Sen. Maria Cantwell (D-Wash.) made it clear that the tax reform proposals would devastate affordable housing production.

Maria Cantwell
Maria Cantwell

“The House and Senate bills severely undermine the means by which we build affordable housing for working-class families in America,” said Cantwell as the conference committee on the tax reform bills began its discussions Wednesday.

When the different proposals are taken together, they would reduce affordable housing production by 50%, she said during her introductory remarks.

Cantwell noted that the low-income housing tax credit (LIHTC) was enacted as part of the 1986 tax reform bill with bipartisan support. “Sen. (Orrin) Hatch and I believe that we should be expanding the affordable tax credit,” she said, referring to the Affordable Housing Credit Improvement Act (S. 548) that the lawmakers introduced in March.

Four Republican and three Democratic co-sponsors of the bill sit on the conference committee.

“Yet, the tax bill before us today goes in the opposite direction, with potentially crippling impact on our nation’s most important program for building and preserving affordable housing,” she said. “Nearly 20 million Americans are in this crisis of affordability. Look at what’s happening now in the states of Texas and Florida as they face the crisis of building after the hurricanes.”
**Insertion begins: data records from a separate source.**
(* Let $y>0$ be fixed. For $\xi\in\mathbf{R}^{2\times 2}$ let $[\xi]=\xi-\xi_{11}\,e_1\otimes e_1$, where $e_1=(1,0)$, and define $W:\mathbf{R}^{2\times 2}\to\mathbf{R}$ by \[W(\xi)=\big|([\xi],\det\xi-y)\big|,\] the Euclidean norm of the vector $([\xi],\det\xi-y)\in\mathbf{R}^{2\times2}\times\mathbf{R}\cong\mathbf{R}^5$. Then for every $\xi\in\mathbf{R}^{2\times 2}$ and every $\eta\in\mathbf{R}^{2\times 2}$, \[W(\xi+\eta)-W(\xi)-DW(\xi)\cdot\eta\;\ge\;\rho(\xi)\det\eta,\qquad\text{where }\rho(\xi)=\frac{\det\xi-y}{W(\xi)}.\]
   Context: For $2\times2$ matrices, $\xi\cdot\eta=\mathrm{tr}(\xi^T\eta)$; for $a,b\in\mathbf{R}^2$, $a\otimes b$ is the matrix with $(i,j)$ entry $a_ib_j$. The function $W$ never vanishes (since $y\neq0$) and is differentiable everywhere; $DW(\xi)$ denotes its derivative (gradient) at $\xi$. *)

theory Defs
  imports "HOL-Analysis.Analysis"
begin

definition outer :: "real^2 \<Rightarrow> real^2 \<Rightarrow> real^2^2" where
  "outer a b = (\<chi> i j. a $ i * b $ j)"

definition e1 :: "real^2" where
  "e1 = axis 1 1"

definition bracket :: "real^2^2 \<Rightarrow> real^2^2" where
  "bracket \<xi> = \<xi> - (\<xi> $ 1 $ 1) *\<^sub>R outer e1 e1"

text \<open>W(xi) = |([xi], det xi - y)|, Euclidean norm in R^{2x2} x R = R^5
  (the norm on real^2^2 is the Frobenius norm; on the product it is the
  Euclidean combination of the two norms).\<close>
definition W :: "real \<Rightarrow> real^2^2 \<Rightarrow> real" where
  "W y \<xi> = norm (bracket \<xi>, det \<xi> - y)"

definition rho :: "real \<Rightarrow> real^2^2 \<Rightarrow> real" where
  "rho y \<xi> = (det \<xi> - y) / W y \<xi>"

end

theory Submission
  imports Defs
begin

text \<open>\<open>W = |F|\<close> with \<open>F(\<xi>) = ([\<xi>], det \<xi> - y)\<close> (\<open>W_vec\<close> below). Since \<open>F\<close> is linear plus a determinant, its
  expansion is exact at second order: \<open>F(\<xi> + \<eta>) = F(\<xi>) + DF(\<xi>)\<eta> + (0, det \<eta>)\<close>.
  The norm lies above its tangent at \<open>F(\<xi>) \<noteq> 0\<close> (Cauchy-Schwarz), and pairing the
  remainder \<open>(0, det \<eta>)\<close> with the unit normal \<open>F(\<xi>)/W(\<xi>)\<close> gives \<open>\<rho>(\<xi>) det \<eta>\<close>.\<close>

lemma norm_add_ge_tangent:
  fixes u v w :: "'a::real_inner"
  assumes "u \<noteq> 0"
  shows "norm (u + v + w) - norm u - inner v (sgn u) \<ge> inner w (sgn u)"
proof -
  have "inner (u + v + w) u \<le> norm (u + v + w) * norm u"
    by (rule norm_cauchy_schwarz)
  then have "inner u u + inner v u + inner w u \<le> norm (u + v + w) * norm u"
    by (simp add: inner_add_left)
  moreover have "norm u > 0" using assms by simp
  ultimately show ?thesis
    by (simp add: sgn_div_norm inner_commute[of _ u] power2_norm_eq_inner[symmetric]
        field_simps power2_eq_square)
qed

definition det_deriv_2 :: "real^2^2 \<Rightarrow> real^2^2 \<Rightarrow> real" where
  "det_deriv_2 \<xi> \<eta> = \<xi>$1$1 * \<eta>$2$2 + \<eta>$1$1 * \<xi>$2$2 - \<xi>$1$2 * \<eta>$2$1 - \<eta>$1$2 * \<xi>$2$1"

lemma det_add_2: "det (\<xi> + \<eta>) = det \<xi> + det_deriv_2 \<xi> \<eta> + det (\<eta>::real^2^2)"
  by (simp add: det_2 det_deriv_2_def algebra_simps)

lemma has_derivative_det_2: "(det has_derivative det_deriv_2 \<xi>) (at (\<xi>::real^2^2))"
proof -
  have entry: "((\<lambda>x::real^2^2. x$i$j) has_derivative (\<lambda>h. h$i$j)) (at \<xi>)" for i j
    by (intro bounded_linear_imp_has_derivative
        bounded_linear_compose[OF bounded_linear_vec_nth bounded_linear_vec_nth])
  show ?thesis
    unfolding det_2[abs_def] det_deriv_2_def
    by (rule derivative_eq_intros entry refl | simp add: algebra_simps)+
qed

lemma bounded_linear_bracket: "bounded_linear bracket"
  unfolding bracket_def
  by (intro bounded_linear_sub bounded_linear_ident
      bounded_linear_compose[OF bounded_linear_scaleR_left]
      bounded_linear_compose[OF bounded_linear_vec_nth bounded_linear_vec_nth])

lemma det_eq_0_if_bracket_eq_0: "bracket \<xi> = 0 \<Longrightarrow> det \<xi> = 0"
  by (simp add: bracket_def outer_def e1_def det_2 vec_eq_iff forall_2 axis_def)

definition W_vec :: "real \<Rightarrow> real^2^2 \<Rightarrow> (real^2^2) \<times> real" where
  "W_vec y \<xi> = (bracket \<xi>, det \<xi> - y)"

lemma W_eq_norm_W_vec: "W y = (\<lambda>\<xi>. norm (W_vec y \<xi>))"
  by (simp add: W_def W_vec_def fun_eq_iff)

lemma W_vec_add:
  "W_vec y (\<xi> + \<eta>) = W_vec y \<xi> + (bracket \<eta>, det_deriv_2 \<xi> \<eta>) + (0, det \<eta>)"
  using linear_add[OF bounded_linear.linear[OF bounded_linear_bracket]]
  by (simp add: W_vec_def det_add_2)

lemma W_vec_nonzero: "y \<noteq> 0 \<Longrightarrow> W_vec y \<xi> \<noteq> 0"
  using det_eq_0_if_bracket_eq_0 by (auto simp: W_vec_def zero_prod_def)

lemma has_derivative_W_vec:
  "(W_vec y has_derivative (\<lambda>\<eta>. (bracket \<eta>, det_deriv_2 \<xi> \<eta>))) (at \<xi>)"
  unfolding W_vec_def
  by (intro has_derivative_Pair bounded_linear_imp_has_derivative bounded_linear_bracket
      has_derivative_eq_rhs[OF has_derivative_diff[OF has_derivative_det_2 has_derivative_const]])
    simp

lemma has_derivative_W:
  assumes "y \<noteq> 0"
  shows "(W y has_derivative (\<lambda>\<eta>. inner (bracket \<eta>, det_deriv_2 \<xi> \<eta>) (sgn (W_vec y \<xi>)))) (at \<xi>)"
  unfolding W_eq_norm_W_vec
  using has_derivative_compose[OF has_derivative_W_vec has_derivative_norm[OF W_vec_nonzero[OF assms]]]
  by (simp add: o_def)

theorem proposition2p1:
  fixes y :: real and \<xi> \<eta> :: "real^2^2"
  assumes "y > 0"
  shows "W y differentiable (at \<xi>) \<and>
         W y (\<xi> + \<eta>) - W y \<xi> - frechet_derivative (W y) (at \<xi>) \<eta> \<ge> rho y \<xi> * det \<eta>"
proof
  have y: "y \<noteq> 0" using assms by simp
  show "W y differentiable (at \<xi>)"
    using has_derivative_W[OF y] by (auto simp: differentiable_def)
  let ?u = "W_vec y \<xi>" and ?v = "(bracket \<eta>, det_deriv_2 \<xi> \<eta>)" and ?w = "(0, det \<eta>)"
  have "frechet_derivative (W y) (at \<xi>) \<eta> = inner ?v (sgn ?u)"
    by (simp add: frechet_derivative_at[OF has_derivative_W[OF y], symmetric])
  moreover have "W y (\<xi> + \<eta>) = norm (?u + ?v + ?w)" and "W y \<xi> = norm ?u"
    by (simp_all add: W_eq_norm_W_vec W_vec_add)
  moreover have "inner ?w (sgn ?u) = rho y \<xi> * det \<eta>"
    by (simp add: sgn_div_norm rho_def W_def W_vec_def field_simps)
  ultimately show "W y (\<xi> + \<eta>) - W y \<xi> - frechet_derivative (W y) (at \<xi>) \<eta> \<ge> rho y \<xi> * det \<eta>"
    using norm_add_ge_tangent[OF W_vec_nonzero[OF y, of \<xi>], where v = ?v and w = ?w] by linarith
qed

end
The House bill eliminates private-activity bonds, which account for about half of all the production under the LIHTC program, Cantwell said. If housing bonds are repealed, roughly 800,000 affordable homes would not be built over the next 10 years, according to an analysis by Novogradac & Co.

"I keep hearing justifications for getting rid of the bonds because some people don't like the activities that they support, but tell me which ones of you don't support that for housing," Cantwell said. "If it is the case, preserve the housing credit."

Early reports indicated that bonds will be saved in a final bill. However, key affordable housing industry representatives remained cautious. They were still waiting to see the bill late Wednesday.

"There are positive signs today that private-activity bonds would be included in the proposed conference agreement," said Bob Moss, principal and national director of governmental affairs at CohnReznick. "There is still much to be done by JCT (Joint Committee on Taxation) to score the final agreement, which is scheduled to be released later this week and to be reviewed according to the Byrd rule."

Moss said he expects the Senate will vote first next week, and, if passed. the House will follow.

The Senate bill retains the tax-exemption status for the bonds, but it still includes several provisions that would negatively impact affordable housing. Like the House bill, it lowers the top corporate tax rate to 20%, a move that would reduce the tax benefits associated with the LIHTC and could reduce investment in the program.

Other Democrats on the conference committee criticized the Republican proposals as well as the process. Before the committee began its meeting, there were reports that Republicans had come to an agreement on a consensus tax bill.

“The American people are witnessing a master class in how one political party, relying on secrecy, distortion, and brute force, can muscle an unpopular, deficit-exploding corporate giveaway to passage,” said Ron Wyden (D-Ore.), ranking member of the Senate Finance Committee. “This is the ultimate betrayal of the middle class. It doesn’t give middle-class Americans the tax cuts they deserve now, and it takes away Medicare and Social Security later.

“News just broke that Republicans have reached a final agreement. So let’s understand that what’s happening today is a sham,” Wyden continued. “This is an obvious attempt to lend credibility to a baseless Republican talking point about following regular order. But nobody should mistake this conference for a serious debate—not when Republicans and special-interest lobbyists have already wrapped up the real talks in secret.”

Democrats asked for a delay on a vote on tax reform until Doug Jones, the Democratic senator-elect from Alabama, is sworn in. However, Republicans ignored the request Wednesday.